India has to be prepared for a two-front conflict along its northern and western fronts due to China’s muscle flexing and Pakistan’s proxy war, army chief Bipin Rawat was quoted as saying in this Economic Times report on September 6, 2017.
Can Budget 2018 Address Challenges?
The government identified 73 strategically important roads along the India-China border, according to this report released by the Comptroller and Auditor General (CAG) of India, the auditor of the government, in March 2017.
Of these 73 roads, execution of 61 roads, with estimated cost of Rs 4,644 crore, was assigned to Border Roads Organisation with a deadline of 2012.
Only 22 roads were completed till March 2016, which incurred expenditure worth Rs 4,536 crore or 98% of the estimated cost.CAG Report
Of the 24 roads selected for audit, only six roads, costing Rs 164 crore, were completed up to March 2016. “Even these were not fit for running specialised vehicles/equipment due to limitations in execution of works”, the CAG report said.
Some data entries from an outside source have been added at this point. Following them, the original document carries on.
lemma continuous_on_seqs_encoding:
  assumes fin: "\<And>y. finite (codes s g y)"
    and interval: "\<And>cs. set cs \<subseteq> {..<s} \<Longrightarrow> is_interval (cylinder s g cs)"
  shows "continuous_on (seqs s) g"
proof (rule continuous_on_prefix_criterion)
  fix a B assume a: "a \<in> seqs s" and "open B" "g a \<in> B"
  then obtain e where e: "e > 0" "ball (g a) e \<subseteq> B"
    by (meson openE)
  obtain N1 where N1: "\<forall>b\<in>seqs s. (\<forall>i<N1. b i = a i) \<longrightarrow> g b \<noteq> g a + e"
    using prefix_agreement_avoids_value[OF fin, where y = "g a + e" and a = a] e by auto
  obtain N2 where N2: "\<forall>b\<in>seqs s. (\<forall>i<N2. b i = a i) \<longrightarrow> g b \<noteq> g a - e"
    using prefix_agreement_avoids_value[OF fin, where y = "g a - e" and a = a] e by auto
  define N where "N = max N1 N2"
  define C where "C = cylinder s g (map a [0..<N])"
  have C: "C = g ` {b \<in> seqs s. \<forall>i<N. b i = a i}"
    unfolding C_def using a by (rule cylinder_prefix_eq)
  have "is_interval C"
    unfolding C_def using a by (intro interval) (auto simp: seqs_def)
  moreover have "g a \<in> C" "g a + e \<notin> C" "g a - e \<notin> C"
    using a N1 N2 by (auto simp: C N_def)
  ultimately have "C \<subseteq> ball (g a) e"
    using e(1) by (rule is_interval_subset_ball)
  then show "\<exists>N. \<forall>b\<in>seqs s. (\<forall>i<N. b i = a i) \<longrightarrow> g b \<in> B"
    using e(2) by (auto simp: C)
qed

corollary continuous_on_seqs_continuous_encoding:
  assumes "zero_redundancy s g" "continuous_encoding s g"
  shows "continuous_on (seqs s) g"
proof (rule continuous_on_seqs_encoding)
  show "finite (codes s g y)" for y
    using assms(1) by (simp add: zero_redundancy_def)
  show "is_interval (cylinder s g cs)" if "set cs \<subseteq> {..<s}" for cs
    using assms(2) that by (simp add: continuous_encoding_def)
qed
lemma rooted_tree_grow:
  assumes T: "rooted_tree c rt S F" and FE: "F \<subseteq> E" and fE: "finite E"
    and SW: "S \<subseteq> W" "S \<noteq> W"
    and EW: "\<forall>(a, b)\<in>E. c a \<in> W \<and> c b \<in> W"
    and conn: "\<forall>x\<in>W. (rt, x) \<in> (adj c E)\<^sup>*"
  shows "\<exists>w e. w \<in> W - S \<and> e \<in> E \<and> rooted_tree c rt (insert w S) (insert e F)"
proof -
  have fS: "finite S" using T card.infinite unfolding rooted_tree_def by fastforce
  obtain y where y: "y \<in> W" "y \<notin> S" using SW by blast
  obtain u w where uw: "(u, w) \<in> adj c E" "u \<in> S" "w \<notin> S"
    using rtrancl_exit_step[OF conn[rule_format, OF y(1)] _ y(2)] T
    unfolding rooted_tree_def by blast
  then obtain a b where ab: "u = c a" "w = c b" "(a, b) \<in> E \<or> (b, a) \<in> E"
    unfolding adj_def by blast
  then obtain e where e: "e \<in> E" "e = (a, b) \<or> e = (b, a)" by blast
  have "e \<notin> F" using T e(2) ab uw(3) unfolding rooted_tree_def by auto
  moreover have "w \<in> W" using EW e ab by auto
  moreover have "(u, w) \<in> adj c (insert e F)" using e ab unfolding adj_def by blast
  moreover have "\<forall>x\<in>S. (rt, x) \<in> (adj c (insert e F))\<^sup>*"
    using T rtrancl_mono[OF adj_mono[of F "insert e F"]] unfolding rooted_tree_def by blast
  ultimately have "rooted_tree c rt (insert w S) (insert e F)"
    using T fS e ab uw unfolding rooted_tree_def
    by (auto intro: rtrancl_into_rtrancl)
  then show ?thesis using \<open>w \<in> W\<close> uw(3) e(1) by blast
qed

lemma spanning_subtree_exists:
  assumes fW: "finite W" and fE: "finite E" and rt: "rt \<in> W"
    and EW: "\<forall>(a, b)\<in>E. c a \<in> W \<and> c b \<in> W"
    and conn: "\<forall>x\<in>W. (rt, x) \<in> (adj c E)\<^sup>*"
  shows "\<exists>F\<subseteq>E. card F + 1 = card W \<and> (\<forall>x\<in>W. \<forall>y\<in>W. (x, y) \<in> (adj c F)\<^sup>*)"
proof -
  have grown: "\<exists>S F. S \<subseteq> W \<and> F \<subseteq> E \<and> card S = Suc n \<and> rooted_tree c rt S F"
    if "n < card W" for n
    using that
  proof (induction n)
    case 0
    have "rooted_tree c rt {rt} {}" unfolding rooted_tree_def by simp
    moreover have "{rt} \<subseteq> W" "card {rt} = Suc 0" using rt by auto
    ultimately show ?case by blast
  next
    case (Suc n)
    then obtain S F where S: "S \<subseteq> W" "F \<subseteq> E" "card S = Suc n" "rooted_tree c rt S F"
      by (meson Suc_lessD)
    then have "S \<noteq> W" using Suc.prems by auto
    then obtain w e where we: "w \<in> W" "w \<notin> S" "e \<in> E"
      and T: "rooted_tree c rt (insert w S) (insert e F)"
      using rooted_tree_grow[OF S(4,2) fE S(1) _ EW conn] by blast
    have "finite S" using S(1) fW finite_subset by blast
    then have "card (insert w S) = Suc (Suc n)" using we(2) S(3) by simp
    moreover have "insert w S \<subseteq> W" "insert e F \<subseteq> E" using S(1,2) we by auto
    ultimately show ?case using T by blast
  qed
  obtain S F where S: "S \<subseteq> W" "F \<subseteq> E" "card S = card W" "rooted_tree c rt S F"
  proof -
    have pos: "card W > 0" using rt fW card_gt_0_iff by blast
    then have "Suc (card W - 1) = card W" by simp
    then show thesis using grown[of "card W - 1"] that pos by auto
  qed
  have "S = W" using card_subset_eq[OF fW S(1,3)] .
  have reach: "\<forall>x\<in>W. (rt, x) \<in> (adj c F)\<^sup>*" and cardF: "card F + 1 = card W"
    using S(4) \<open>S = W\<close> unfolding rooted_tree_def by blast+
  have "(x, y) \<in> (adj c F)\<^sup>*" if "x \<in> W" "y \<in> W" for x y
  proof -
    have "(rt, x) \<in> (adj c F)\<^sup>*" using reach that(1) by blast
    then have "(x, rt) \<in> (adj c F)\<^sup>*" by (rule symD[OF sym_rtrancl[OF sym_adj]])
    then show ?thesis using reach that(2) by (blast intro: rtrancl_trans)
  qed
  then show ?thesis using S(2) cardF by blast
qed

lemma d_nonneg:
  assumes "metric_on V d" "x \<in> V" "y \<in> V" shows "0 \<le> d x y"
  using assms unfolding metric_on_def by (cases "x = y") (auto intro: less_imp_le)

(* The MST of G/U costs at most any edge set of G/U connecting all contracted
   vertices, since such a set contains a spanning tree and weights are nonnegative. *)
lemma MST_contr_le_connecting:
  assumes fV: "finite V" and r: "r \<in> V" and EC: "E \<subseteq> contr_edges V U"
    and nonneg: "\<forall>(a, b)\<in>E. 0 \<le> d a b"
    and conn: "\<forall>x\<in>contr U ` V. (contr U r, x) \<in> (adj (contr U) E)\<^sup>*"
  shows "MST_contr V d U \<le> (\<Sum>(a, b)\<in>E. d a b)"
proof -
  have fCE: "finite (contr_edges V U)"
    by (rule finite_subset[of _ "V \<times> V"]) (use fV in \<open>auto simp: contr_edges_def\<close>)
  then have fE: "finite E" using EC finite_subset by blast
  have EW: "\<forall>(a, b)\<in>E. contr U a \<in> contr U ` V \<and> contr U b \<in> contr U ` V"
    using EC unfolding contr_edges_def by auto
  obtain F where F: "F \<subseteq> E" "card F + 1 = card (contr U ` V)"
    "\<forall>x\<in>contr U ` V. \<forall>y\<in>contr U ` V. (x, y) \<in> (adj (contr U) F)\<^sup>*"
    using spanning_subtree_exists[OF finite_imageI[OF fV] fE imageI[OF r] EW conn] by blast
  have "is_spanning_tree_contr V U F"
    using F EC unfolding is_spanning_tree_contr_def adj_def by blast
  define costs where "costs = {(\<Sum>(a, b)\<in>F. d a b) | F. is_spanning_tree_contr V U F}"
  have "costs \<subseteq> (\<lambda>F. \<Sum>(a, b)\<in>F. d a b) ` Pow (contr_edges V U)"
    unfolding costs_def is_spanning_tree_contr_def by blast
  then have "finite costs" using fCE finite_subset by blast
  then have "MST_contr V d U \<le> (\<Sum>(a, b)\<in>F. d a b)"
    unfolding MST_contr_def costs_def[symmetric]
    using \<open>is_spanning_tree_contr V U F\<close> by (intro Min_le) (auto simp: costs_def)
  also have "\<dots> \<le> (\<Sum>(a, b)\<in>E. d a b)"
    using nonneg F(1) by (intro sum_mono2[OF fE]) auto
  finally show ?thesis .
qed

lemma dist_le_path_length:
  assumes m: "metric_on V d" and tV: "set t \<subseteq> V"
  shows "p \<le> q \<Longrightarrow> q < length t \<Longrightarrow> d (t!p) (t!q) \<le> (\<Sum>i\<in>{p..<q}. d (t!i) (t!Suc i))"
proof (induction q)
  case 0
  then have "t!0 \<in> V" using tV by auto
  then show ?case using 0 m unfolding metric_on_def by simp
next
  case (Suc q)
  show ?case
  proof (cases "p = Suc q")
    case True
    then have "t!p \<in> V" using tV Suc.prems by auto
    then show ?thesis using True m unfolding metric_on_def by simp
  next
    case False
    then have pq: "p \<le> q" using Suc.prems by simp
    have V3: "t!p \<in> V" "t!q \<in> V" "t!Suc q \<in> V" using tV Suc.prems pq by auto
    have "d (t!p) (t!Suc q) \<le> d (t!p) (t!q) + d (t!q) (t!Suc q)"
      using m V3 unfolding metric_on_def by blast
    also have "\<dots> \<le> (\<Sum>i\<in>{p..<q}. d (t!i) (t!Suc i)) + d (t!q) (t!Suc q)"
      using Suc.IH pq Suc.prems by simp
    also have "\<dots> = (\<Sum>i\<in>{p..<Suc q}. d (t!i) (t!Suc i))" using pq by simp
    finally show ?thesis .
  qed
qed

lemma tour_radius:
  assumes m: "metric_on V d" and t: "is_tour V r t" and p: "p < length t"
  shows "2 * d r (t!p) \<le> tour_len d t"
proof -
  have tV: "set t \<subseteq> V" and ne: "t \<noteq> []" and h: "t!0 = r" and l: "t!(length t - 1) = r"
    using t unfolding is_tour_def by (auto simp: hd_conv_nth last_conv_nth)
  have pl: "p \<le> length t - 1" using p by simp
  have out: "d r (t!p) \<le> (\<Sum>i\<in>{0..<p}. d (t!i) (t!Suc i))"
    using dist_le_path_length[OF m tV, of 0 p] p h by simp
  have return: "d (t!p) r \<le> (\<Sum>i\<in>{p..<length t - 1}. d (t!i) (t!Suc i))"
    using dist_le_path_length[OF m tV pl] ne l by simp
  have "t!p \<in> V" "r \<in> V" using tV ne h p by (metis nth_mem length_greater_0_conv subsetD)+
  then have "d (t!p) r = d r (t!p)" using m unfolding metric_on_def by auto
  moreover have "tour_len d t = (\<Sum>i\<in>{0..<p}. d (t!i) (t!Suc i)) + (\<Sum>i\<in>{p..<length t - 1}. d (t!i) (t!Suc i))"
    unfolding tour_len_def using sum.atLeastLessThan_concat[OF _ pl, of 0, symmetric]
    by (simp add: atLeast0LessThan)
  ultimately show ?thesis using out return by simp
qed

definition tour_steps :: "(nat \<Rightarrow> 'a list) \<Rightarrow> nat set \<Rightarrow> ('a \<times> 'a) set" where
  "tour_steps \<tau> I = (\<lambda>(i, p). (\<tau> i ! p, \<tau> i ! Suc p)) ` (SIGMA i:I. {..<length (\<tau> i) - 1})"

lemma tour_steps_cost:
  assumes "finite I" and "\<forall>(a, b)\<in>tour_steps \<tau> I. 0 \<le> d a b"
  shows "(\<Sum>(a, b)\<in>tour_steps \<tau> I. d a b) \<le> (\<Sum>i\<in>I. tour_len d (\<tau> i))"
proof -
  define step where "step = (\<lambda>(i, p). (\<tau> i ! p, \<tau> i ! Suc p))"
  define Sg where "Sg = (SIGMA i:I. {..<length (\<tau> i) - 1})"
  have "finite Sg" unfolding Sg_def using assms(1) by auto
  then have "(\<Sum>(a, b)\<in>step ` Sg. d a b) \<le> sum ((\<lambda>(a, b). d a b) \<circ> step) Sg"
    using assms(2) unfolding tour_steps_def step_def Sg_def
    by (intro sum_image_le) (auto split: prod.splits)
  also have "\<dots> = (\<Sum>i\<in>I. tour_len d (\<tau> i))"
    unfolding Sg_def tour_len_def step_def
    using sum.Sigma[OF assms(1), of "\<lambda>i. {..<length (\<tau> i) - 1}" "\<lambda>i p. d (\<tau> i ! p) (\<tau> i ! Suc p)"]
    by (simp add: case_prod_unfold)
  finally show ?thesis unfolding tour_steps_def step_def Sg_def .
qed

lemma walk_adj_path:
  assumes "\<forall>q. Suc q < length t \<longrightarrow> c (t!q) = c (t!Suc q) \<or> (t!q, t!Suc q) \<in> E"
  shows "p < length t \<Longrightarrow> (c (t!0), c (t!p)) \<in> (adj c E)\<^sup>*"
proof (induction p)
  case 0 then show ?case by simp
next
  case (Suc p)
  then have IH: "(c (t!0), c (t!p)) \<in> (adj c E)\<^sup>*" by simp
  from assms Suc.prems have "c (t!p) = c (t!Suc p) \<or> (t!p, t!Suc p) \<in> E" by blast
  then show ?case
  proof
    assume "c (t!p) = c (t!Suc p)" then show ?thesis using IH by simp
  next
    assume "(t!p, t!Suc p) \<in> E"
    then have "(c (t!p), c (t!Suc p)) \<in> adj c E" unfolding adj_def by blast
    with IH show ?thesis by (rule rtrancl_into_rtrancl)
  qed
qed

(* Key bound: if tours from the depot (with r in U unless U is empty) visit every
   vertex outside U, then MST(G/U) is at most their total length, because their
   steps not inside U connect G/U. *)
lemma MST_contr_le_tour_lengths:
  fixes \<tau> :: "nat \<Rightarrow> 'a list"
  assumes m: "metric_on V d" and r: "r \<in> V" and root: "U \<noteq> {} \<Longrightarrow> r \<in> U"
    and fI: "finite I" and tours: "\<forall>i\<in>I. is_tour V r (\<tau> i)"
    and cover: "V - U \<subseteq> (\<Union>i\<in>I. set (\<tau> i))"
  shows "MST_contr V d U \<le> (\<Sum>i\<in>I. tour_len d (\<tau> i))"
proof -
  define E where "E = tour_steps \<tau> I \<inter> contr_edges V U"
  have steps_in_V: "a \<in> V \<and> b \<in> V" if "(a, b) \<in> tour_steps \<tau> I" for a b
    using that tours unfolding tour_steps_def is_tour_def by (force intro: nth_mem)
  have conn: "(contr U r, contr U v) \<in> (adj (contr U) E)\<^sup>*" if v: "v \<in> V" for v
  proof (cases "v \<in> U")
    case True
    then show ?thesis using root unfolding contr_def by auto
  next
    case False
    then obtain i p where i: "i \<in> I" and p: "p < length (\<tau> i)" "\<tau> i ! p = v"
      using cover v by (force simp: in_set_conv_nth)
    have "contr U (\<tau> i ! q) = contr U (\<tau> i ! Suc q) \<or> (\<tau> i ! q, \<tau> i ! Suc q) \<in> E"
      if q: "Suc q < length (\<tau> i)" for q
    proof (cases "\<tau> i ! q = \<tau> i ! Suc q \<or> (\<tau> i ! q \<in> U \<and> \<tau> i ! Suc q \<in> U)")
      case True then show ?thesis unfolding contr_def by auto
    next
      case False
      have "(\<tau> i ! q, \<tau> i ! Suc q) \<in> tour_steps \<tau> I"
        unfolding tour_steps_def using i q by force
      then show ?thesis using False steps_in_V unfolding E_def contr_edges_def by blast
    qed
    moreover have "\<tau> i ! 0 = r" using tours i unfolding is_tour_def by (metis hd_conv_nth)
    ultimately show ?thesis using walk_adj_path[of "\<tau> i" "contr U" E, OF _ p(1)] p(2) by simp
  qed
  have nonneg: "\<forall>(a, b)\<in>tour_steps \<tau> I. 0 \<le> d a b"
    using steps_in_V d_nonneg[OF m] by blast
  have "MST_contr V d U \<le> (\<Sum>(a, b)\<in>E. d a b)"
    using m r conn nonneg unfolding E_def metric_on_def
    by (intro MST_contr_le_connecting) auto
  also have "\<dots> \<le> (\<Sum>(a, b)\<in>tour_steps \<tau> I. d a b)"
  proof (rule sum_mono2)
    show "finite (tour_steps \<tau> I)" unfolding tour_steps_def using fI by auto
  qed (use nonneg in \<open>auto simp: E_def\<close>)
  also have "\<dots> \<le> (\<Sum>i\<in>I. tour_len d (\<tau> i))"
    by (rule tour_steps_cost[OF fI nonneg])
  finally show ?thesis .
qed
“With the present force levels and combat capabilities, they cannot fight and win,” Gurmeet Kanwal, former army Brigadier and a fellow at the Institute for Defence Studies and Analyses (IDSA), a think tank in New Delhi, wrote in Deccan Herald on 19 January 2018.
That implies that they cannot hope to terminate the conflict on India’s terms and impose the nation’s will upon the adversaries.Gurmeet Kamwal, Former Army Brigadier
The armed forces will be stretched to the limit but given adequate resources, they could fight a holding action successfully, though with large-scale casualties, Kanwal wrote.